Eggi Sudjana Mengaku Dapat Inspirasi ‘People Power’ dari Kelompok Jokowi
“Karena Bapak (Jokowi) bisa mengatur republik ini sebagai orang nomor satu. Kalau alasannya KPU, KPU kan bisa dipanggil. Kenapa kok curang atau dengan gentle karena ada tuduhan curang, hitung ulang lagi enggak usah pakai quick count, tapi pakai hitung manual yang benar dan serius,” ucapnya.
Eggi menuturkan, jika tetap dipaksakan, terlebih padal 22 Mei 2019 diumumkan pasangan Joko Widodo-Ma’ruf Amin menang dalam pilpres, dia tidak mau bertanggung jawab jika terjadi people power.
“Jangan salahkan saya karena yang mau people power bukan hanya saya.

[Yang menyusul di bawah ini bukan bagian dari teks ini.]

lemma cyclic_certificate_32:
  "cyclic_certificate 32 [[0, 6, 25, 26, 23], [0, 4, 6, 20, 29], [0, 15, 5, 23, 3], [0, 3, 5, 29, 30], [0, 2, 18, 25, 20], [0, 11, 1, 12, 5], [0, 15, 3, 10, 21], [0, 4, 21, 28, 12], [0, 1, 14, 18, 6], [0, 1, 17, 25, 13], [0, 11, 22, 29, 17], [0, 8, 13, 29, 3], [0, 6, 15, 19, 31], [0, 8, 5, 14, 2], [0, 13, 3, 23, 11], [0, 15, 1, 20, 24], [0, 1, 23, 31, 10], [0, 12, 15, 30, 10], [0, 11, 28, 30, 6], [0, 13, 18, 24, 25], [0, 3, 26, 31, 28], [0, 10, 25, 28, 26], [0, 13, 15, 25, 29], [0, 9, 1, 19, 7], [0, 5, 13, 16, 17], [0, 8, 2, 23, 5], [0, 2, 6, 11, 7], [0, 4, 5, 10, 12], [0, 16, 1, 10, 21], [0, 3, 22, 28, 7], [0, 2, 9, 21, 19]] [[(16,10),(21,25),(20,10),(26,25),(27,18),(0,15),(3,27),(23,1),(28,12),(5,1),(5,12),(0,21),(8,0),(15,1),(28,1),(9,0),(8,6),(23,12),(15,12),(5,9),(5,19),(16,0),(16,16),(9,6),(19,27),(20,16),(27,3),(24,27),(0,24),(16,6)],[(16,11),(0,28),(18,15),(20,25),(26,0),(4,25),(25,1),(30,0),(18,24),(26,6),(22,18),(18,10),(17,10),(18,21),(1,18),(17,16),(4,0),(22,3),(2,28),(30,6),(30,29),(25,12),(16,22),(4,6),(3,18),(27,27),(1,3),(3,3),(18,16),(21,29)],[(21,24),(0,29),(24,24),(3,0),(3,10),(21,15),(3,16),(13,20),(6,12),(11,10),(13,28),(14,1),(10,10),(6,1),(11,16),(21,21),(17,18),(24,15),(17,3),(25,25),(29,0),(14,12),(24,21),(10,16),(20,0),(13,5),(29,6),(3,6),(20,29),(20,6)],[(20,11),(18,14),(24,25),(27,0),(1,0),(29,10),(7,10),(26,18),(27,6),(5,25),(9,28),(15,27),(21,10),(18,4),(12,24),(12,15),(8,15),(8,21),(1,6),(7,0),(22,27),(12,21),(8,24),(7,16),(29,16),(20,22),(7,6),(21,16),(26,3),(26,29)],[(26,24),(20,24),(3,1),(27,1),(20,15),(27,24),(13,1),(20,21),(27,12),(19,18),(10,28),(24,0),(13,12),(2,1),(24,6),(15,9),(15,19),(19,3),(17,28),(11,18),(6,11),(2,12),(11,3),(6,22),(26,15),(27,15),(26,21),(3,12),(4,29),(27,21)],[(27,19),(26,1),(3,11),(1,1),(20,14),(19,24),(3,22),(20,4),(29,15),(26,12),(0,10),(29,21),(19,15),(12,0),(11,27),(29,24),(23,25),(12,6),(1,12),(25,20),(28,11),(28,22),(13,9),(0,0),(0,6),(19,21),(27,9),(13,19),(25,5),(0,16)],[(0,14),(4,24),(21,14),(29,11),(27,25),(19,25),(9,10),(4,10),(10,15),(7,15),(6,21),(0,4),(4,15),(7,21),(4,21),(21,4),(6,24),(30,18),(22,10),(10,21),(22,16),(7,24),(9,16),(4,16),(29,22),(10,24),(5,29),(6,15),(30,3),(3,28)],[(3,26),(25,0),(3,17),(7,11),(13,0),(3,23),(9,11),(16,15),(16,21),(24,18),(8,28),(11,0),(13,6),(9,15),(9,21),(2,9),(23,20),(16,24),(14,25),(19,10),(2,19),(25,6),(9,22),(7,22),(19,16),(24,3),(9,24),(11,6),(18,27),(23,5)],[(23,0),(30,1),(13,21),(26,19),(20,20),(20,5),(4,11),(16,14),(16,4),(25,16),(14,16),(12,18),(2,16),(28,21),(7,28),(25,10),(1,27),(23,6),(28,24),(30,12),(14,10),(1,28),(2,10),(4,22),(12,3),(13,15),(15,28),(13,24),(26,9),(28,15)],[(28,13),(18,25),(6,13),(27,7),(27,13),(29,14),(10,14),(16,20),(16,5),(5,20),(30,25),(29,4),(22,24),(6,7),(28,7),(22,15),(2,20),(14,9),(14,20),(10,4),(14,19),(23,9),(23,19),(21,0),(11,28),(2,5),(21,6),(14,5),(22,21),(5,5)],[(5,0),(26,7),(11,11),(5,24),(19,19),(26,13),(7,14),(24,19),(25,17),(5,21),(5,6),(30,10),(25,26),(7,4),(11,22),(25,23),(10,18),(19,9),(30,16),(10,3),(10,0),(28,27),(16,27),(6,27),(29,27),(24,9),(18,0),(10,6),(18,6),(5,15)],[(5,13),(22,19),(13,29),(9,29),(10,29),(0,11),(6,20),(8,29),(14,17),(30,24),(5,7),(15,16),(2,27),(17,0),(1,10),(17,27),(1,16),(22,9),(14,26),(28,28),(14,23),(30,15),(14,29),(30,21),(23,29),(15,10),(12,27),(6,5),(17,6),(0,22)],[(0,20),(18,11),(14,0),(15,26),(24,1),(29,20),(0,5),(11,1),(12,19),(29,5),(30,11),(15,17),(23,16),(22,0),(24,12),(8,18),(19,0),(12,10),(30,22),(16,28),(23,10),(14,6),(19,6),(22,6),(12,9),(15,23),(12,16),(11,12),(18,22),(8,3)],[(8,1),(17,11),(10,11),(21,11),(13,13),(19,14),(4,14),(13,7),(2,17),(22,25),(25,27),(2,26),(23,17),(8,10),(4,4),(17,22),(8,12),(15,20),(23,26),(6,28),(23,23),(1,24),(2,23),(10,22),(1,15),(19,4),(8,16),(21,22),(1,21),(15,5)],[(15,0),(18,20),(6,0),(18,5),(2,0),(12,1),(7,20),(9,14),(28,20),(6,6),(7,5),(17,1),(22,1),(8,11),(9,4),(17,15),(21,18),(12,12),(15,6),(29,28),(21,3),(2,6),(25,9),(22,12),(25,19),(17,24),(8,22),(17,21),(17,12),(28,5)],[(28,0),(1,19),(11,17),(12,25),(24,7),(11,26),(4,20),(9,20),(7,29),(28,6),(11,23),(1,11),(24,13),(4,5),(9,5),(28,2),(1,22),(11,15),(12,28),(24,10),(11,24),(4,18),(9,18),(7,27),(28,8),(11,21),(1,9),(24,16),(4,3),(9,3)],[(9,1),(17,17),(21,20),(12,14),(15,8),(29,25),(21,5),(2,8),(25,11),(22,14),(25,22),(17,26),(8,19),(17,23),(17,14),(28,3),(15,2),(18,18),(6,2),(18,3),(2,2),(12,4),(7,18),(9,12),(28,18),(6,8),(7,3),(17,4),(22,4),(8,9)],[(8,7),(4,1),(17,19),(8,14),(15,18),(23,24),(6,25),(23,21),(1,26),(2,21),(10,19),(1,17),(19,1),(8,13),(21,19),(1,23),(15,3),(8,4),(17,9),(10,9),(21,9),(13,16),(19,12),(4,12),(13,10),(2,15),(22,28),(25,29),(2,24),(23,15)],[(23,13),(22,2),(24,14),(8,20),(19,2),(12,7),(30,19),(16,25),(23,7),(14,8),(19,8),(22,8),(12,11),(15,21),(12,13),(11,14),(18,19),(8,5),(0,18),(18,9),(14,2),(15,24),(24,4),(29,18),(0,3),(11,4),(12,22),(29,3),(30,9),(15,15)],[(15,13),(2,29),(17,2),(1,7),(17,29),(1,13),(22,11),(14,24),(28,25),(14,21),(30,17),(14,27),(30,23),(23,27),(15,7),(12,29),(6,3),(17,8),(0,19),(5,16),(22,22),(13,27),(9,27),(10,27),(0,9),(6,18),(8,27),(14,15),(30,26),(5,10)],[(5,8),(30,7),(25,24),(7,1),(11,19),(25,21),(10,20),(19,11),(30,13),(10,5),(10,2),(28,29),(16,29),(6,29),(29,29),(24,11),(18,2),(10,8),(18,8),(5,17),(5,2),(26,10),(11,9),(5,26),(19,22),(26,16),(7,12),(24,22),(25,15),(5,23)],[(5,18),(30,28),(29,1),(22,26),(6,10),(28,10),(22,17),(2,18),(14,11),(14,18),(10,1),(14,22),(23,11),(23,22),(21,2),(11,25),(2,3),(21,8),(14,3),(22,23),(5,3),(28,16),(18,28),(6,16),(27,10),(27,16),(29,12),(10,12),(16,18),(16,3)],[(16,1),(25,13),(14,13),(12,20),(2,13),(28,23),(7,25),(25,7),(1,29),(23,8),(28,26),(30,14),(14,7),(1,25),(2,7),(4,19),(12,5),(13,17),(15,25),(13,26),(26,11),(28,17),(23,2),(30,4),(13,23),(26,22),(20,18),(20,3),(4,9),(16,12)],[(16,17),(16,23),(24,20),(8,25),(11,2),(13,8),(9,17),(9,23),(2,11),(23,18),(16,26),(14,28),(19,7),(2,22),(25,8),(9,19),(7,19),(19,13),(24,5),(9,26),(11,8),(18,29),(23,3),(3,24),(25,2),(3,15),(7,9),(13,2),(3,21),(9,9)],[(9,7),(4,7),(10,17),(7,17),(6,23),(0,1),(4,17),(7,23),(4,23),(21,1),(6,26),(30,20),(22,7),(10,23),(22,13),(7,26),(9,13),(4,13),(29,19),(10,26),(5,27),(6,17),(30,5),(3,25),(0,12),(4,26),(21,12),(29,9),(27,28),(19,28)],[(19,26),(3,19),(20,1),(29,17),(26,14),(0,7),(29,23),(19,17),(12,2),(11,29),(29,26),(23,28),(12,8),(1,14),(25,18),(28,9),(28,19),(13,11),(0,2),(0,8),(19,23),(27,11),(13,22),(25,3),(0,13),(27,22),(26,4),(3,9),(1,4),(20,12)],[(20,17),(27,26),(13,4),(20,23),(27,14),(19,20),(10,25),(24,2),(13,14),(2,4),(24,8),(15,11),(15,22),(19,5),(17,25),(11,20),(6,9),(2,14),(11,5),(6,19),(26,17),(27,17),(26,23),(3,14),(4,27),(27,23),(26,26),(20,26),(3,4),(27,4)],[(27,2),(1,2),(29,7),(7,7),(26,20),(27,8),(5,28),(9,25),(15,29),(21,7),(18,1),(12,26),(12,17),(8,17),(8,23),(1,8),(7,2),(22,29),(12,23),(8,26),(7,13),(29,13),(20,19),(7,8),(21,13),(26,5),(26,27),(20,9),(18,12),(24,28)],[(24,26),(3,2),(3,7),(21,17),(3,13),(13,18),(6,14),(11,7),(13,25),(14,4),(10,7),(6,4),(11,13),(21,23),(17,20),(24,17),(17,5),(25,28),(29,2),(14,14),(24,23),(10,13),(20,2),(13,3),(29,8),(3,8),(20,27),(20,8),(21,26),(0,27)],[(0,25),(18,17),(20,28),(26,2),(4,28),(25,4),(30,2),(18,26),(26,8),(22,20),(18,7),(17,7),(18,23),(1,20),(17,13),(4,2),(22,5),(2,25),(30,8),(30,27),(25,14),(16,19),(4,8),(3,20),(27,29),(1,5),(3,5),(18,13),(21,27),(16,9)],[(16,7),(21,28),(20,7),(26,28),(27,20),(0,17),(3,29),(23,4),(28,14),(5,4),(5,14),(0,23),(8,2),(15,4),(28,4),(9,2),(8,8),(23,14),(15,14),(5,11),(5,22),(16,2),(16,13),(9,8),(19,29),(20,13),(27,5),(24,29),(0,26),(16,8)]]"
  by code_simp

Oleh karena itu, Bapak Jokowi sudi kiranya hentikan kecurangan ini, hitung ulang lagi bersama-sama sehingga kita tetap bersaudara dalam konteks berbangsa dan bernegara,” katanya menambahkan.
Eggi ditetapkan sebagai tersangka dugaan makar terkait seruan people power pada 17 April lalu di Jakarta. Eggi dilaporkan Suryanto, relawan Jokowi-Ma’ruf Center (Pro Jomac). Laporan tersebut terdaftar pada 19 April 2019 dengan tuduhan makar ke Bareskrim Mabes Polri, namun kasus tersebut kemudian dilimpahkan ke Polda Metro Jaya.
Pasal yang disangkakan adalah Pasal 107 KUHP dan/atau Pasal 110 KUHP jo Pasal 87 KUHP dan/atau Pasal 14 Ayat 1 dan Ayat 2 dan/atau Pasal 15 Undang-Undang Nomor 1 Tahun 1946 tentang Peraturan Hukum Pidana. Atas penetapan tersangka tersebut, Eggi akhirnya mengajukan gugatan praperadilan ke Pengadilan Negeri (PN) Jakarta Selatan, Jumat (10/5/2019) melalui kuasa hukumnya.